Write out each line from the data below that includes the word "else".
MATERIALS PROVIDED Start Marker
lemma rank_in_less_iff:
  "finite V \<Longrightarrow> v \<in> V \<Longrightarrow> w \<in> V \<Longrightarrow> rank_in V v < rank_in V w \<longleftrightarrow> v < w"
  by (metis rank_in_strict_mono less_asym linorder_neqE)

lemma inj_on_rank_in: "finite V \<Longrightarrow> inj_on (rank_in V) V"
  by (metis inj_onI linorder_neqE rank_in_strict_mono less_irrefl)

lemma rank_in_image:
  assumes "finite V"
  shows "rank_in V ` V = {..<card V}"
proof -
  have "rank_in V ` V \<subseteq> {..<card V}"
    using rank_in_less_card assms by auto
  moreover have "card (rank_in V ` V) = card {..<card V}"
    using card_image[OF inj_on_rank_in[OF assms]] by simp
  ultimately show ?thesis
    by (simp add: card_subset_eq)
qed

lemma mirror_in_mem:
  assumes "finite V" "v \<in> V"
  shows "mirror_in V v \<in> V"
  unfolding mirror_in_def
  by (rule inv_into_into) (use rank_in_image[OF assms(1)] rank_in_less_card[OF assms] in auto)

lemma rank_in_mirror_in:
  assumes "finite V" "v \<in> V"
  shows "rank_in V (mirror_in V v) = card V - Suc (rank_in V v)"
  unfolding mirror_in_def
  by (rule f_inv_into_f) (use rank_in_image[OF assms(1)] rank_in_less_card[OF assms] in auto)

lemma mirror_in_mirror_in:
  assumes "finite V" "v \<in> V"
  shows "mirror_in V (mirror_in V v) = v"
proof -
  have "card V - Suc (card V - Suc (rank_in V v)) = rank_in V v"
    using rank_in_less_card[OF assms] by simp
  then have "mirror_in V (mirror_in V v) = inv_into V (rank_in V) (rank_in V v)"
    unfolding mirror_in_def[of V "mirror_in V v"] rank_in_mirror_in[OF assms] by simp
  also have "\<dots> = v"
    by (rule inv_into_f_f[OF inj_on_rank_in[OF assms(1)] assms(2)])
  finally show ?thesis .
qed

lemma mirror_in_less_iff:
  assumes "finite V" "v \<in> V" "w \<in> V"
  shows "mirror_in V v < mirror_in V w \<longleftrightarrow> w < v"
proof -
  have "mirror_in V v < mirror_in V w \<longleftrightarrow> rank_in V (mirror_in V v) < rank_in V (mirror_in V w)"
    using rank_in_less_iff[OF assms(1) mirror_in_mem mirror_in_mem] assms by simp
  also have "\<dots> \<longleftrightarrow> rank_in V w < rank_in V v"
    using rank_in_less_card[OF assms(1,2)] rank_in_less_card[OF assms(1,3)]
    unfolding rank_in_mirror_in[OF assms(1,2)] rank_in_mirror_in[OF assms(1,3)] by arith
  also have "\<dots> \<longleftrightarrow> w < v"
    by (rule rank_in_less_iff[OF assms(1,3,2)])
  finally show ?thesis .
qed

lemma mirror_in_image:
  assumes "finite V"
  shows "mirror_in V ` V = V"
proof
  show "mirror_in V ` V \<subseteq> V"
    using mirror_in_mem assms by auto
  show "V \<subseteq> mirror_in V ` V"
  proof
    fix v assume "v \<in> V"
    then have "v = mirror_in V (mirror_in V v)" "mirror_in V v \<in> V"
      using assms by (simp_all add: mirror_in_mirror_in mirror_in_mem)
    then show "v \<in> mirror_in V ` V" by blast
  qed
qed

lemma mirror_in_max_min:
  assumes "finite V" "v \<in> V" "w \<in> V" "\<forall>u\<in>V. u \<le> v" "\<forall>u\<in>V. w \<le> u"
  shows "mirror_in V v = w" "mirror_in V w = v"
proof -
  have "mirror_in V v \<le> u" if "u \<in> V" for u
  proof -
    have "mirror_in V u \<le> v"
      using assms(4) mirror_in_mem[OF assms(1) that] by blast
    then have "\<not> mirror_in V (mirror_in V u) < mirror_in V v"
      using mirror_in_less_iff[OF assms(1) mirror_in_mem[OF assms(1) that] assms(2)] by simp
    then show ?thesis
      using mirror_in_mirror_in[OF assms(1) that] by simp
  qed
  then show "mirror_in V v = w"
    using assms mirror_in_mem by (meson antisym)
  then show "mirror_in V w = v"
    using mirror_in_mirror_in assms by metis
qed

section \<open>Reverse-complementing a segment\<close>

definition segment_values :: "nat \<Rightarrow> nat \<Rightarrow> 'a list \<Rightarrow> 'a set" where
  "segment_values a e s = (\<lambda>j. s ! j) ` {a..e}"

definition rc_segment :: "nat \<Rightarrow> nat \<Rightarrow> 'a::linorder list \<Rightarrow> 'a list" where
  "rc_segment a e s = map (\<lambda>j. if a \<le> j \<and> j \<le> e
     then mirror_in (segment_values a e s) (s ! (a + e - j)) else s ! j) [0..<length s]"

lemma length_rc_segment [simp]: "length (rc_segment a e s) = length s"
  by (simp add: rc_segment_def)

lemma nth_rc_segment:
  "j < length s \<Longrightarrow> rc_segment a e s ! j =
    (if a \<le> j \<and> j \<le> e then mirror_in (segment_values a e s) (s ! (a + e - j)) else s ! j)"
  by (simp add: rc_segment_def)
MATERIALS PROVIDED End Marker
MATERIALS PROVIDED Start Marker
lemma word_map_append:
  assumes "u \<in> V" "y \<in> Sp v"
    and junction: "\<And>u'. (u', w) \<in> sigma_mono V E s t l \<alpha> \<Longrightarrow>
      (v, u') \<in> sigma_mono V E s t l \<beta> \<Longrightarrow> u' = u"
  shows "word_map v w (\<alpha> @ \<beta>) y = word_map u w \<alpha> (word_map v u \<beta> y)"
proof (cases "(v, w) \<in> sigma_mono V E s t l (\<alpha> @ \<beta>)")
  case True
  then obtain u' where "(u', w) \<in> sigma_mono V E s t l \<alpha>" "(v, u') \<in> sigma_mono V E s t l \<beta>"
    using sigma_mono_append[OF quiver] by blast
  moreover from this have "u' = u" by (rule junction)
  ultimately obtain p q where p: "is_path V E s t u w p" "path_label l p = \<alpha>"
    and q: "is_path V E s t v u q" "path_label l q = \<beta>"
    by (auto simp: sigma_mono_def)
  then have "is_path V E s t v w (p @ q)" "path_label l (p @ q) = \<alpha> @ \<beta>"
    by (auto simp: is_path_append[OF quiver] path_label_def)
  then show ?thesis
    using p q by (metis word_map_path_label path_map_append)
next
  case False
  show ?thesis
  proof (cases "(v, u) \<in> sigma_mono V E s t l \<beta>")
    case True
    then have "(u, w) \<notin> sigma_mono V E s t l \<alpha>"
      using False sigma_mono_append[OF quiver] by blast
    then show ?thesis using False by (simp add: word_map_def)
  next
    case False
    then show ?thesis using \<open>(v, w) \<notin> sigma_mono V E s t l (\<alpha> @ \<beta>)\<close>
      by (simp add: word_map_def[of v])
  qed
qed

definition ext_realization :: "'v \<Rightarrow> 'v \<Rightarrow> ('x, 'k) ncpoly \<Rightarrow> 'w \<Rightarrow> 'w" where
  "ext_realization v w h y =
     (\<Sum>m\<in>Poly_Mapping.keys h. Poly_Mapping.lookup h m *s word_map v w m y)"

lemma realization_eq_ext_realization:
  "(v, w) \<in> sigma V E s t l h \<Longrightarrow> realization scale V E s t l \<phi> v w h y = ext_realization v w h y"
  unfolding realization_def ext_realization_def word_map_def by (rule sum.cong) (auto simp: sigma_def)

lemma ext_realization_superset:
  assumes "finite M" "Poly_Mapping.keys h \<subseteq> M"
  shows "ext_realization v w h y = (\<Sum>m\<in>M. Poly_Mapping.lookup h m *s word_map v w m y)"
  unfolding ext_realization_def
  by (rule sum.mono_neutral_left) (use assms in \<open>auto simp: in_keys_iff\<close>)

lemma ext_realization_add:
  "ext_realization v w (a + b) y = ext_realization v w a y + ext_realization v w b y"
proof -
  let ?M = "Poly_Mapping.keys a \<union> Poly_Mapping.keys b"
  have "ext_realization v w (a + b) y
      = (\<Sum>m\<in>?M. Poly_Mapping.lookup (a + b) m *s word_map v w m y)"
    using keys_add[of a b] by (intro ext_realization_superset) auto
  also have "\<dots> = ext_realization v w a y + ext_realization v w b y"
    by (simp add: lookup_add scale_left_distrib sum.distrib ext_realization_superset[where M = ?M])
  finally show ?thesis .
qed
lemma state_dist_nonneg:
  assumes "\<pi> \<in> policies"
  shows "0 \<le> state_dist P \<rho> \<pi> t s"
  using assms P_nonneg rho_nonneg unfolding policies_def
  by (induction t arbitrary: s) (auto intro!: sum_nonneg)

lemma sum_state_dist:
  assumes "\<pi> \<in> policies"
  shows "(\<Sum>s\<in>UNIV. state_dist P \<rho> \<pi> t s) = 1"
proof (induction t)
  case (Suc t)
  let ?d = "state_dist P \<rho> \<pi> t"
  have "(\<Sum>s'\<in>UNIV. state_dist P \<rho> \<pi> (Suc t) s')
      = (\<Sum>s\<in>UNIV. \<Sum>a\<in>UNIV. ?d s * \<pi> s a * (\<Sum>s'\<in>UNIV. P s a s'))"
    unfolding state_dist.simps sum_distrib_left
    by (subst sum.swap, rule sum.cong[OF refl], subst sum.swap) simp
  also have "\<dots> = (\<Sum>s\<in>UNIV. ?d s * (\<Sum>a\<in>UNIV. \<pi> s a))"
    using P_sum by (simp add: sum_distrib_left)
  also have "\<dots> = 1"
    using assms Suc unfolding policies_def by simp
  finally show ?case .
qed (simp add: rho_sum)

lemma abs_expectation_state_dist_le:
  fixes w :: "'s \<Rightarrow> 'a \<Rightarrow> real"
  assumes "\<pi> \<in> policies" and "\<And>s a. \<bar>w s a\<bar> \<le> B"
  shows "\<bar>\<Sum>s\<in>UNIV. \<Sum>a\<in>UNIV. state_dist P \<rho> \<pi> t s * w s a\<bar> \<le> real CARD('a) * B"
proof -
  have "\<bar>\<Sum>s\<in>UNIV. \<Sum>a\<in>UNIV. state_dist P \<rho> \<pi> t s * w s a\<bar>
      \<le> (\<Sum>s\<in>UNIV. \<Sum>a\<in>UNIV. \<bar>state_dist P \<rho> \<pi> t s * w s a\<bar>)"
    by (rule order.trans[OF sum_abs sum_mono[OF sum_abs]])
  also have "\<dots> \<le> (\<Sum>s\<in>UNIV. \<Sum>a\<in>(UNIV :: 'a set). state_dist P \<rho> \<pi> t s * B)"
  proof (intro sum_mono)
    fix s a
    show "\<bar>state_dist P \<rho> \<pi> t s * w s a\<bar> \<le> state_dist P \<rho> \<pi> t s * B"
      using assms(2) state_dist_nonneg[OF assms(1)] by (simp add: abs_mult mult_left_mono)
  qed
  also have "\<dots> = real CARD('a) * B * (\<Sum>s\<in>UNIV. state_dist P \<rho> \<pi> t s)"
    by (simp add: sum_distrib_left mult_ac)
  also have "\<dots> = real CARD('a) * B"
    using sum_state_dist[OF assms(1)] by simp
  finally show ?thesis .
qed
MATERIALS PROVIDED End Marker
ANSWER TO THIS TASK >>
     then mirror_in (segment_values a e s) (s ! (a + e - j)) else s ! j) [0..<length s]"
    (if a \<le> j \<and> j \<le> e then mirror_in (segment_values a e s) (s ! (a + e - j)) else s ! j)"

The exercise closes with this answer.